Problem requirements>
Please write out exactly, and only, the lines from the first in the material below to the line containing "(\<forall>s\<in>S. E s", both included.

Source material>
********
lemma completely_splits_power_group_of_one_notin:
  assumes "comm_group G" "finite S" "S \<subseteq> carrier G" "\<one>\<^bsub>G\<^esub> \<notin> S"
    and "completely_splits G M r S"
  shows "completely_splits (power_group G t) M (t * r) (spread_set G t S)"
  unfolding completely_splits_def
proof
  interpret G: comm_group G by fact
  let ?T = "spread_set G t S"
  let ?cv = "\<lambda>(i, s). coord_vector G t i s"
  fix g assume g: "g \<in> carrier (power_group G t)"
  have "\<forall>i\<in>{..<t}. \<exists>E. (\<forall>s\<in>S. E s \<in> M \<union> {0}) \<and> card {s\<in>S. E s \<noteq> 0} \<le> r \<and>
      g i = finprod G (\<lambda>s. s [^]\<^bsub>G\<^esub> E s) S"
    using assms(5) g unfolding completely_splits_def power_group_def by auto
  then obtain E :: "nat \<Rightarrow> 'a \<Rightarrow> int" where E: "\<forall>i\<in>{..<t}. (\<forall>s\<in>S. E i s \<in> M \<union> {0}) \<and>
      card {s\<in>S. E i s \<noteq> 0} \<le> r \<and> g i = finprod G (\<lambda>s. s [^]\<^bsub>G\<^esub> E i s) S"
    by (rule bchoice[THEN exE])
  then have E_coeff: "\<And>i s. i < t \<Longrightarrow> s \<in> S \<Longrightarrow> E i s \<in> M \<union> {0}"
    and E_weight: "\<And>i. i < t \<Longrightarrow> card {s\<in>S. E i s \<noteq> 0} \<le> r"
    and E_prod: "\<And>i. i < t \<Longrightarrow> g i = finprod G (\<lambda>s. s [^]\<^bsub>G\<^esub> E i s) S"
    by simp_all
  define e where "e v = (case inv_into ({..<t} \<times> S) ?cv v of (i, s) \<Rightarrow> E i s)" for v
  have e_cv: "e (coord_vector G t i s) = E i s" if "i < t" "s \<in> S" for i s
    using inv_into_f_f[OF inj_on_coord_vector[OF assms(4)], of "(i, s)"] that
    by (simp add: e_def)
  show "\<exists>e. (\<forall>v\<in>?T. e v \<in> M \<union> {0}) \<and> card {v\<in>?T. e v \<noteq> 0} \<le> t * r \<and>
      g = finprod (power_group G t) (\<lambda>v. v [^]\<^bsub>power_group G t\<^esub> e v) ?T"
  proof (intro exI conjI)
    show "\<forall>v\<in>?T. e v \<in> M \<union> {0}"
      using E_coeff by (auto simp: spread_set_eq_image e_cv simp del: Un_iff)
    show "card {v\<in>?T. e v \<noteq> 0} \<le> t * r"
      using assms(2) e_cv E_weight by (rule card_spread_set_support_le)
    show "g = finprod (power_group G t) (\<lambda>v. v [^]\<^bsub>power_group G t\<^esub> e v) ?T"
    proof (rule PiE_ext)
      interpret P: comm_group "power_group G t"
        using comm_group_power_group[OF assms(1)] .
      show "g \<in> {..<t} \<rightarrow>\<^sub>E carrier G"
        using g by (simp add: power_group_def)
      have "finprod (power_group G t) (\<lambda>v. v [^]\<^bsub>power_group G t\<^esub> e v) ?T \<in> carrier (power_group G t)"
        using spread_set_subset_carrier[OF G.monoid_axioms assms(3)]
        by (auto intro!: P.finprod_closed P.int_pow_closed)
      then show "finprod (power_group G t) (\<lambda>v. v [^]\<^bsub>power_group G t\<^esub> e v) ?T \<in> {..<t} \<rightarrow>\<^sub>E carrier G"
        by (simp add: power_group_def)
      fix j assume "j \<in> {..<t}"
      then have "finprod (power_group G t) (\<lambda>v. v [^]\<^bsub>power_group G t\<^esub> e v) ?T j
          = finprod G (\<lambda>s. s [^]\<^bsub>G\<^esub> E j s) S"
        by (intro finprod_spread_set_component[OF assms(1-3)]) (simp_all add: e_cv)
      with E_prod \<open>j \<in> {..<t}\<close>
      show "g j = finprod (power_group G t) (\<lambda>v. v [^]\<^bsub>power_group G t\<^esub> e v) ?T j"
        by simp
    qed
  qed
qed

lemma completely_splits_power_group:
  assumes "comm_group G" "finite S" "S \<subseteq> carrier G"
    and "completely_splits G M r S"
  shows "completely_splits (power_group G t) M (t * r) (spread_set G t S)"
proof -
  interpret G: comm_group G by fact
  \<comment> \<open>All copies of the identity in S^(t) coincide, so it is removed before coefficients are
    assigned coordinatewise.\<close>
  have "spread_set G t (S - {\<one>\<^bsub>G\<^esub>}) \<subseteq> spread_set G t S"
    by (rule spread_set_mono) blast
  moreover have "completely_splits (power_group G t) M (t * r) (spread_set G t (S - {\<one>\<^bsub>G\<^esub>}))"
    using assms completely_splits_Diff_one
    by (intro completely_splits_power_group_of_one_notin) auto
  ultimately show ?thesis
    by (rule completely_splits_superset[OF comm_group_power_group[OF assms(1)]
          finite_spread_set[OF assms(2)] spread_set_subset_carrier[OF G.is_monoid assms(3)]])
qed
(* Let $\mathcal F\subseteq\{\mathcal X\to[0,1]\}$ be a hypothesis class. Then for all integers $T,k\ge1$, $$\underline{\mathcal R}_T^{kT}(\mathcal F)\le\inf_{\epsilon>0}\Big\{\sup_{Z\subseteq\mathcal X,\,|Z|=kT}\log\mathcal N(\mathcal F|_Z,\epsilon)+2\epsilon T\Big\}.$$
   Context: Setting: contexts $\mathcal X$, labels $\{0,1\}$, log loss. For $f\in\mathcal F$, $p_f(1\mid x)=f(x)$, $p_f(0\mid x)=1-f(x)$; learner actions $a$ are pmfs on $\{0,1\}$ with loss $\ell(a,(x,y))=-\log a(y)$, and $f$ incurs $-\log p_f(y\mid x)$. Regret: $\mathcal R(\mathcal F,x_{1:T},y_{1:T},a_{1:T})=\sum_{t}\ell(a_t,(x_t,y_t))-\inf_{f\in\mathcal F}\sum_t(-\log p_f(y_t\mid x_t))$. For finite $X\subseteq\mathcal X$, $\underline{\mathcal R}_T(\mathcal F,X)=\max_{x_1\in X}\inf_{a_1}\sup_{y_1}\cdots\max_{x_T\in X}\inf_{a_T}\sup_{y_T}\mathcal R(\mathcal F,x_{1:T},y_{1:T},a_{1:T})$ and $\underline{\mathcal R}_T^M(\mathcal F)=\max_{|X|=M}\underline{\mathcal R}_T(\mathcal F,X)$. For a class $\mathcal G$ of functions on a set $Z$, a set $\tilde{\mathcal G}$ is an $\epsilon$-covering if for every $g\in\mathcal G$ there is $\tilde g\in\tilde{\mathcal G}$ with $\sup_{x\in Z}|g(x)-\tilde g(x)|\le\epsilon$; $\mathcal N(\mathcal G,\epsilon)$ is the minimal size of such a covering. $\mathcal F|_Z$ is the restriction of $\mathcal F$ to $Z$. Logarithms are natural. *)

theory Defs
  imports "HOL-Analysis.Analysis"
begin

text \<open>Labels are booleans (True = label 1). A pmf on {0,1} is identified with
  its mass q = a(1) \<in> [0,1]. prob_of q y is the probability of label y.\<close>

definition prob_of :: "real \<Rightarrow> bool \<Rightarrow> real" where
  "prob_of q y = (if y then q else 1 - q)"

definition nll :: "real \<Rightarrow> bool \<Rightarrow> ereal" where
  "nll q y = (if prob_of q y = 0 then \<infinity> else ereal (- ln (prob_of q y)))"

text \<open>A history entry is (x_t, a_t, y_t) with a_t the learner's mass on label 1.\<close>
definition learner_loss :: "('x \<times> real \<times> bool) list \<Rightarrow> ereal" where
  "learner_loss h = (\<Sum>(x,a,y)\<leftarrow>h. nll a y)"
text \<open>The integral over the cell of the translate by \<open>s\<close> is constant in \<open>s\<close>, while by
  differentiation under the integral sign its derivative at \<open>0\<close> is the integral of the derivative.\<close>

lemma integral_unit_cell_dirder_periodic:
  fixes h :: "real^'n \<Rightarrow> real"
  assumes d: "\<And>y. h differentiable at y"
    and c: "continuous_on UNIV (dirder h (axis j 1))"
    and per: "\<And>x. h (x + axis j 1) = h x"
  shows "integral unit_cell (dirder h (axis j 1)) = 0"
proof -
  let ?e = "axis j 1 :: real^'n"
  let ?F = "\<lambda>s. integral unit_cell (\<lambda>x. h (x + s *\<^sub>R ?e))"
  have cont: "continuous_on UNIV h"
    using d differentiable_imp_continuous_within continuous_at_imp_continuous_on by blast
  have "(?F has_field_derivative integral unit_cell (\<lambda>x. dirder h ?e (x + 0 *\<^sub>R ?e))) (at 0 within {-1<..<1})"
    unfolding unit_cell_def
  proof (rule leibniz_rule_field_derivative)
    show "((\<lambda>s. h (x + s *\<^sub>R ?e)) has_field_derivative dirder h ?e (x + s *\<^sub>R ?e)) (at s within {-1<..<1})"
      for s x
      using has_real_derivative_dirder_line[OF d] by (rule has_field_derivative_at_within)
    show "(\<lambda>x. h (x + s *\<^sub>R ?e)) integrable_on cbox 0 (\<chi> i. 1)" for s
      by (rule integrable_continuous, rule continuous_on_compose2[OF cont]) (auto intro!: continuous_intros)
    have "continuous_on ({-1<..<1} \<times> cbox 0 (\<chi> i. 1)) (\<lambda>p. dirder h ?e (snd p + fst p *\<^sub>R ?e))"
      by (rule continuous_on_compose2[OF c]) (auto intro!: continuous_intros)
    then show "continuous_on ({-1<..<1} \<times> cbox 0 (\<chi> i. 1)) (\<lambda>(s, x). dirder h ?e (x + s *\<^sub>R ?e))"
      by (simp add: split_def)
  qed auto
  then have "(?F has_field_derivative integral unit_cell (dirder h ?e)) (at 0)"
    by (simp add: at_within_open[of 0 "{-1<..<1}"])
  moreover have "(?F has_field_derivative 0) (at 0)"
  proof (rule has_field_derivative_transform_within_open[OF DERIV_const open_greaterThanLessThan])
    show "integral unit_cell h = ?F s" if "s \<in> {-1<..<1}" for s
      using integral_unit_cell_translate[OF cont per, of s] that by simp
  qed simp
  ultimately show ?thesis by (rule DERIV_unique)
qed

lemma periodic_field_dirder:
  fixes f :: "real^'n \<Rightarrow> 'b::real_normed_vector"
  assumes per: "periodic_field f" and d: "\<And>x. f differentiable at x"
  shows "periodic_field (dirder f v)"
  unfolding periodic_field_def
proof (intro allI)
  fix x :: "real^'n" and i :: 'n
  have "((\<lambda>y. y + axis i 1) has_derivative (\<lambda>v. v)) (at x)"
    by (auto intro!: derivative_eq_intros)
  from has_derivative_compose[OF this has_derivative_dirder[OF d[of "x + axis i 1"]]]
  have "((\<lambda>y. f (y + axis i 1)) has_derivative (\<lambda>v. dirder f v (x + axis i 1))) (at x)"
    by (simp add: o_def)
  then show "dirder f v (x + axis i 1) = dirder f v x"
    using per unfolding periodic_field_def by (simp add: dirder_eqI)
qed

lemma integral_unit_cell_by_parts:
  fixes f g :: "real^'n \<Rightarrow> real"
  assumes smooth: "smooth_on UNIV f" "smooth_on UNIV g"
    and per: "periodic_field f" "periodic_field g"
  shows "integral unit_cell (\<lambda>x. g x * dirder f (axis j 1) x)
       = - integral unit_cell (\<lambda>x. dirder g (axis j 1) x * f x)"
proof -
  let ?e = "axis j 1 :: real^'n"
  have gf: "smooth_on UNIV (\<lambda>x. g x * f x)"
    using smooth by (rule smooth_on_mult[rotated])
  have product_rule: "dirder (\<lambda>x. g x * f x) ?e = (\<lambda>x. g x * dirder f ?e x + dirder g ?e x * f x)"
    using smooth by (intro ext dirder_mult) (auto intro: smooth_on_differentiable)
  have "integral unit_cell (\<lambda>x. g x * dirder f ?e x) + integral unit_cell (\<lambda>x. dirder g ?e x * f x)
      = integral unit_cell (dirder (\<lambda>x. g x * f x) ?e)"
    unfolding product_rule using smooth by (subst integral_add[symmetric])
      (auto intro!: integrable_on_unit_cell smooth_on_continuous_on smooth_on_intros)
  also have "\<dots> = 0"
  proof (rule integral_unit_cell_dirder_periodic)
    show "(\<lambda>x. g x * f x) differentiable at y" for y
      using gf by (rule smooth_on_differentiable) simp
    show "continuous_on UNIV (dirder (\<lambda>x. g x * f x) ?e)"
      using gf by (intro smooth_on_continuous_on smooth_on_dirder) auto
    show "g (x + ?e) * f (x + ?e) = g x * f x" for x
      using per unfolding periodic_field_def by simp
  qed
  finally show ?thesis by (simp add: eq_neg_iff_add_eq_0)
qed

section \<open>Space-time fields\<close>

text \<open>Partial derivatives of space-time fields are taken as directional derivatives, so that the
  calculus rules above apply to them.\<close>

abbreviation xder :: "'n::finite \<Rightarrow> (real \<times> (real^'n) \<Rightarrow> real) \<Rightarrow> real \<times> (real^'n) \<Rightarrow> real" where
  "xder i F \<equiv> dirder F (0, axis i 1)"

abbreviation tder :: "(real \<times> (real^'n::finite) \<Rightarrow> real) \<Rightarrow> real \<times> (real^'n) \<Rightarrow> real" where
  "tder F \<equiv> dirder F (1, 0)"

lemma has_derivative_slice:
  fixes F :: "real \<times> 'a::real_normed_vector \<Rightarrow> 'b::real_normed_vector"
  assumes "F differentiable at (t, x)"
  shows "((\<lambda>y. F (t, y)) has_derivative (\<lambda>v. dirder F (0, v) (t, x))) (at x)"
proof -
  have "((\<lambda>y. (t, y)) has_derivative (\<lambda>v. (0, v))) (at x)"
    by (auto intro!: derivative_eq_intros)
  from has_derivative_compose[OF this has_derivative_dirder[OF assms]] show ?thesis
    by (simp add: o_def)
qed

lemma dirder_slice:
  fixes F :: "real \<times> 'a::real_normed_vector \<Rightarrow> 'b::real_normed_vector"
  assumes "F differentiable at (t, x)"
  shows "dirder (\<lambda>y. F (t, y)) v x = dirder F (0, v) (t, x)"
  by (rule dirder_eqI[OF has_derivative_slice[OF assms]])

lemma differentiable_slice:
  fixes F :: "real \<times> 'a::real_normed_vector \<Rightarrow> 'b::real_normed_vector"
  assumes "F differentiable at (t, x)"
  shows "(\<lambda>y. F (t, y)) differentiable at x"
  using has_derivative_slice[OF assms] differentiable_def by blast

lemma differentiable_upto_slice:
  fixes F :: "real \<times> 'a::real_normed_vector \<Rightarrow> 'b::real_normed_vector"
  shows "differentiable_upto (I \<times> UNIV) k F \<Longrightarrow> t \<in> I \<Longrightarrow> differentiable_upto UNIV k (\<lambda>x. F (t, x))"
proof (induction k arbitrary: F)
  case 0
  then show ?case by (auto intro: differentiable_slice)
next
  case (Suc k)
  have "dirder (\<lambda>x. F (t, x)) v = (\<lambda>x. dirder F (0, v) (t, x))" for v
    using Suc.prems by (intro ext dirder_slice) auto
  then show ?case using Suc by (auto intro: differentiable_slice)
qed

lemma smooth_on_slice:
  fixes F :: "real \<times> 'a::real_normed_vector \<Rightarrow> 'b::real_normed_vector"
  shows "smooth_on (I \<times> UNIV) F \<Longrightarrow> t \<in> I \<Longrightarrow> smooth_on UNIV (\<lambda>x. F (t, x))"
  unfolding smooth_on_iff_differentiable_upto using differentiable_upto_slice by blast

lemma pd_slice:
  fixes F :: "real \<times> (real^'n) \<Rightarrow> real"
  assumes "F differentiable at (t, x)" "\<And>y. f y = F (t, y)"
  shows "pd i f x = xder i F (t, x)"
proof -
  have "((\<lambda>s. F ((t, x) + s *\<^sub>R (0, axis i 1))) has_real_derivative xder i F ((t, x) + 0 *\<^sub>R (0, axis i 1))) (at 0)"
    by (rule has_real_derivative_dirder_line) (simp add: assms(1))
  then have "((\<lambda>s. f (x + s *\<^sub>R axis i 1)) has_real_derivative xder i F (t, x)) (at 0)"
    by (simp add: assms(2))
  then show ?thesis unfolding pd_def by (rule DERIV_imp_deriv)
qed

lemma has_real_derivative_slice_time:
  fixes F :: "real \<times> (real^'n) \<Rightarrow> real"
  assumes "F differentiable at (t, x)"
  shows "((\<lambda>s. F (s, x)) has_real_derivative tder F (t, x)) (at t)"
  using has_real_derivative_dirder_line[of F "(0, x)" t "(1, 0)"] assms by simp

lemma dt_slice:
  fixes F :: "real \<times> (real^'n) \<Rightarrow> real"
  assumes "open I" "t \<in> I" "F differentiable at (t, x)" "\<And>s y. s \<in> I \<Longrightarrow> g s y = F (s, y)"
  shows "dt g t x = tder F (t, x)"
proof -
  have "((\<lambda>s. g s x) has_real_derivative tder F (t, x)) (at t)"
    using has_real_derivative_slice_time[OF assms(3)]
    by (rule has_field_derivative_transform_within_open[OF _ assms(1,2)]) (simp add: assms(4))
  then show ?thesis unfolding dt_def by (rule DERIV_imp_deriv)
qed

lemma periodic_field_slice_dirder:
  fixes F :: "real \<times> (real^'n) \<Rightarrow> real"
  assumes "smooth_on (I \<times> UNIV) F" "t \<in> I" "periodic_field (\<lambda>x. F (t, x))"
  shows "periodic_field (\<lambda>x. dirder F (0, v) (t, x))"
proof -
  have "(\<lambda>x. dirder F (0, v) (t, x)) = dirder (\<lambda>x. F (t, x)) v"
    using assms by (intro ext dirder_slice[symmetric] smooth_on_differentiable) auto
  then show ?thesis
    using assms by (auto intro: periodic_field_dirder smooth_on_differentiable smooth_on_slice)
qed

lemma integrable_on_unit_cell_slice:
  fixes F :: "real \<times> (real^'n) \<Rightarrow> real"
  assumes "smooth_on (I \<times> UNIV) F" "t \<in> I"
  shows "(\<lambda>x. F (t, x)) integrable_on unit_cell"
  using smooth_on_continuous_on[OF smooth_on_slice[OF assms] subset_UNIV] by (rule integrable_on_unit_cell)

lemma integral_unit_cell_slice_by_parts:
  fixes F G :: "real \<times> (real^'n) \<Rightarrow> real"
  assumes smooth: "smooth_on (I \<times> UNIV) F" "smooth_on (I \<times> UNIV) G" and t: "t \<in> I"
    and per: "periodic_field (\<lambda>x. F (t, x))" "periodic_field (\<lambda>x. G (t, x))"
  shows "integral unit_cell (\<lambda>x. G (t, x) * xder j F (t, x))
       = - integral unit_cell (\<lambda>x. xder j G (t, x) * F (t, x))"
proof -
  have "xder j H (t, x) = dirder (\<lambda>x. H (t, x)) (axis j 1) x" if "smooth_on (I \<times> UNIV) H" for H x
    using smooth_on_differentiable[OF that] t by (intro dirder_slice[symmetric]) simp
  with smooth show ?thesis
    using integral_unit_cell_by_parts[OF smooth_on_slice[OF smooth(1) t] smooth_on_slice[OF smooth(2) t] per]
    by simp
qed

lemma has_real_derivative_integral_unit_cell:
  fixes F :: "real \<times> (real^'n) \<Rightarrow> real"
  assumes smooth: "smooth_on (I \<times> UNIV) F" and t: "t \<in> I"
  shows "((\<lambda>s. integral unit_cell (\<lambda>x. F (s, x))) has_real_derivative
           integral unit_cell (\<lambda>x. tder F (t, x))) (at t)"
proof -
  have "open I"
    using open_image_fst[OF smooth_on_open[OF smooth]] t by auto
  then obtain r where r: "r > 0" "ball t r \<subseteq> I"
    using t openE by blast
  have "((\<lambda>s. integral (cbox 0 (\<chi> i. 1)) (\<lambda>x. F (s, x))) has_real_derivative
          integral (cbox 0 (\<chi> i. 1)) (\<lambda>x. tder F (t, x))) (at t within ball t r)"
  proof (rule leibniz_rule_field_derivative)
    fix s x assume "s \<in> ball t r"
    then have s: "s \<in> I" using r(2) by blast
    have "F differentiable at (s, x)"
      using smooth_on_differentiable[OF smooth] s by simp
    from has_real_derivative_slice_time[OF this]
    show "((\<lambda>s. F (s, x)) has_real_derivative tder F (s, x)) (at s within ball t r)"
      by (rule has_field_derivative_at_within)
    show "(\<lambda>x. F (s, x)) integrable_on cbox 0 (\<chi> i. 1)"
      using integrable_on_unit_cell_slice[OF smooth s] unfolding unit_cell_def .
  next
    have "continuous_on (ball t r \<times> cbox 0 (\<chi> i. 1)) (tder F)"
      using smooth_on_dirder[OF smooth] by (rule smooth_on_continuous_on) (use r(2) in blast)
    then show "continuous_on (ball t r \<times> cbox 0 (\<chi> i. 1)) (\<lambda>(s, x). tder F (s, x))"
      by (simp add: split_def)
  qed (simp_all add: r(1))
  then show ?thesis
    unfolding unit_cell_def using at_within_open[of t "ball t r"] r(1) by simp
qed

lemma integral_unit_cell_slice_sums:
  fixes F :: "'i \<Rightarrow> 'j \<Rightarrow> real \<times> (real^'n) \<Rightarrow> real" and G :: "'j \<Rightarrow> real \<times> (real^'n) \<Rightarrow> real"
  assumes "finite A" "finite B" and smooth: "\<And>i j. smooth_on (I \<times> UNIV) (F i j)" "\<And>j. smooth_on (I \<times> UNIV) (G j)"
    and t: "t \<in> I"
  shows "integral unit_cell (\<lambda>x. (\<Sum>i\<in>A. \<Sum>j\<in>B. F i j (t, x)) + (\<Sum>j\<in>B. G j (t, x)))
    = (\<Sum>i\<in>A. \<Sum>j\<in>B. integral unit_cell (\<lambda>x. F i j (t, x))) + (\<Sum>j\<in>B. integral unit_cell (\<lambda>x. G j (t, x)))"
proof -
  have S: "open (I \<times> (UNIV :: (real^'n) set))" using smooth(2) by (rule smooth_on_open)
  have int: "(\<lambda>x. H (t, x)) integrable_on unit_cell" if "smooth_on (I \<times> UNIV) H" for H :: "real \<times> (real^'n) \<Rightarrow> real"
    using that t by (rule integrable_on_unit_cell_slice)
  have sums: "smooth_on (I \<times> UNIV) (\<lambda>z. \<Sum>j\<in>B. F i j z)" "smooth_on (I \<times> UNIV) (\<lambda>z. \<Sum>j\<in>B. G j z)"
    "smooth_on (I \<times> UNIV) (\<lambda>z. \<Sum>i\<in>A. \<Sum>j\<in>B. F i j z)" for i
    using assms S by (auto intro!: smooth_on_sum)
  show ?thesis
    using int[OF sums(3)] int[OF sums(2)] int[OF sums(1)] int[OF smooth(1)] int[OF smooth(2)]
    by (simp add: integral_add integral_sum assms(1,2))
qed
********
Answer>
lemma completely_splits_power_group_of_one_notin:
  assumes "comm_group G" "finite S" "S \<subseteq> carrier G" "\<one>\<^bsub>G\<^esub> \<notin> S"
    and "completely_splits G M r S"
  shows "completely_splits (power_group G t) M (t * r) (spread_set G t S)"
  unfolding completely_splits_def
proof
  interpret G: comm_group G by fact
  let ?T = "spread_set G t S"
  let ?cv = "\<lambda>(i, s). coord_vector G t i s"
  fix g assume g: "g \<in> carrier (power_group G t)"
  have "\<forall>i\<in>{..<t}. \<exists>E. (\<forall>s\<in>S. E s \<in> M \<union> {0}) \<and> card {s\<in>S. E s \<noteq> 0} \<le> r \<and>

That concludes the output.